**EXERCISE**
A single number is the answer here: how many lines of the entries contain "union"?

**THE RECORDS**
lemma integral_exp_FG:
  assumes "\<delta> \<noteq> 0" "norm \<delta> \<le> real n"
  shows "integral {0..u} (\<lambda>s. exp (\<i> * complex_of_real (c * s)) * FG n s \<delta>)
    = (osc_integral (c + norm \<delta>) u - osc_integral (c - norm \<delta>) u) / (2 * \<i> * complex_of_real (norm \<delta>))"
proof -
  define a where "a = norm \<delta>"
  have "a > 0"
    using assms(1) by (simp add: a_def)
  have "exp (\<i> * complex_of_real (c * s)) * FG n s \<delta>
     = (exp (\<i> * complex_of_real ((c + a) * s)) - exp (\<i> * complex_of_real ((c - a) * s)))
       / (2 * \<i> * complex_of_real a)" for s
  proof -
    have FG_eq: "FG n s \<delta> = complex_of_real (sin (s * a)) / complex_of_real a"
      using assms by (simp add: FG_def a_def)
    have sin_eq: "complex_of_real (sin (s * a))
        = (exp (\<i> * complex_of_real (s * a)) - exp (- (\<i> * complex_of_real (s * a)))) / (2 * \<i>)"
      by (subst sin_of_real[symmetric]) (rule sin_exp_eq)
    have "exp (\<i> * complex_of_real ((c + a) * s))
        = exp (\<i> * complex_of_real (c * s)) * exp (\<i> * complex_of_real (s * a))"
      and "exp (\<i> * complex_of_real ((c - a) * s))
        = exp (\<i> * complex_of_real (c * s)) * exp (- (\<i> * complex_of_real (s * a)))"
      by (simp_all add: exp_add[symmetric] algebra_simps)
    then show ?thesis
      using \<open>a > 0\<close> unfolding FG_eq sin_eq by (simp add: field_simps)
  qed
  then show ?thesis
    unfolding osc_integral_def a_def[symmetric]
    by (simp add: integral_diff integrable_continuous_interval continuous_intros)
qed

lemma continuous_on_if_smooth_vanishing_near_0:
  fixes \<phi> :: "real \<Rightarrow> real"
  assumes smooth: "smooth_on {0<..} \<phi>"
    and supp: "0 \<notin> closure {t. 0 \<le> t \<and> \<phi> t \<noteq> 0}"
  shows "continuous_on {0..} \<phi>"
proof -
  have "open (- closure {t. 0 \<le> t \<and> \<phi> t \<noteq> 0})" and "0 \<in> - closure {t. 0 \<le> t \<and> \<phi> t \<noteq> 0}"
    using supp by (simp_all add: open_Compl)
  then obtain \<epsilon> where "\<epsilon> > 0" and \<epsilon>: "ball 0 \<epsilon> \<subseteq> - closure {t. 0 \<le> t \<and> \<phi> t \<noteq> 0}"
    using open_contains_ball_eq by blast
  define e where "e = \<epsilon> / 2"
  have "e > 0" "e < \<epsilon>"
    using \<open>\<epsilon> > 0\<close> by (auto simp: e_def)
  have vanish: "\<phi> t = 0" if "0 \<le> t" "t \<le> e" for t
  proof (rule ccontr)
    assume "\<phi> t \<noteq> 0"
    then have "t \<in> closure {t. 0 \<le> t \<and> \<phi> t \<noteq> 0}"
      using that closure_subset[of "{t. 0 \<le> t \<and> \<phi> t \<noteq> 0}"] by blast
    moreover have "t \<in> ball 0 \<epsilon>"
      using that \<open>e < \<epsilon>\<close> by simp
    ultimately show False
      using \<epsilon> by blast
  qed
  have "continuous_on {0..e} \<phi>"
    by (rule continuous_on_eq[OF continuous_on_const]) (simp add: vanish)
  moreover have "continuous_on {e..} \<phi>"
  proof (intro continuous_at_imp_continuous_on ballI)
    fix x :: real
    assume "x \<in> {e..}"
    then have "x \<in> {0<..}"
      using \<open>e > 0\<close> by simp
    then have "(deriv ^^ 0) \<phi> differentiable (at x)"
      using smooth unfolding smooth_on_def by blast
    then show "isCont \<phi> x"
      by (simp add: differentiable_imp_continuous_within)
  qed
  ultimately have "continuous_on ({0..e} \<union> {e..}) \<phi>"
    by (intro continuous_on_closed_Un) auto
  moreover have "{0..e} \<union> {e..} = {0::real..}"
    using \<open>e > 0\<close> by auto
  ultimately show ?thesis
    by simp
qed

lemma eq_0_beyond_support:
  fixes \<phi> :: "real \<Rightarrow> 'a::zero"
  assumes "closure {t. 0 \<le> t \<and> \<phi> t \<noteq> 0} \<subseteq> {..<T}" "T \<le> t" "0 \<le> T"
  shows "\<phi> t = 0"
proof (rule ccontr)
  assume "\<phi> t \<noteq> 0"
  then have "t \<in> closure {t. 0 \<le> t \<and> \<phi> t \<noteq> 0}"
    using assms(2,3) closure_subset[of "{t. 0 \<le> t \<and> \<phi> t \<noteq> 0}"] by auto
  then show False
    using assms(1,2) by auto
qed

lemma integral_atLeast_eq_atLeastAtMost:
  fixes f :: "real \<Rightarrow> 'a::banach"
  assumes "\<And>t. b < t \<Longrightarrow> f t = 0"
  shows "integral {a..} f = integral {a..b} f"
proof -
  have "integral {a..} f = integral {a..} (\<lambda>t. if t \<in> {a..b} then f t else 0)"
    using assms by (intro integral_cong) auto
  also have "\<dots> = integral ({a..b} \<inter> {a..}) f"
    by (rule integral_restrict_Int)
  also have "{a..b} \<inter> {a..} = {a..b}"
    by auto
  finally show ?thesis .
qed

**ANSWER TO THIS EXERCISE**
2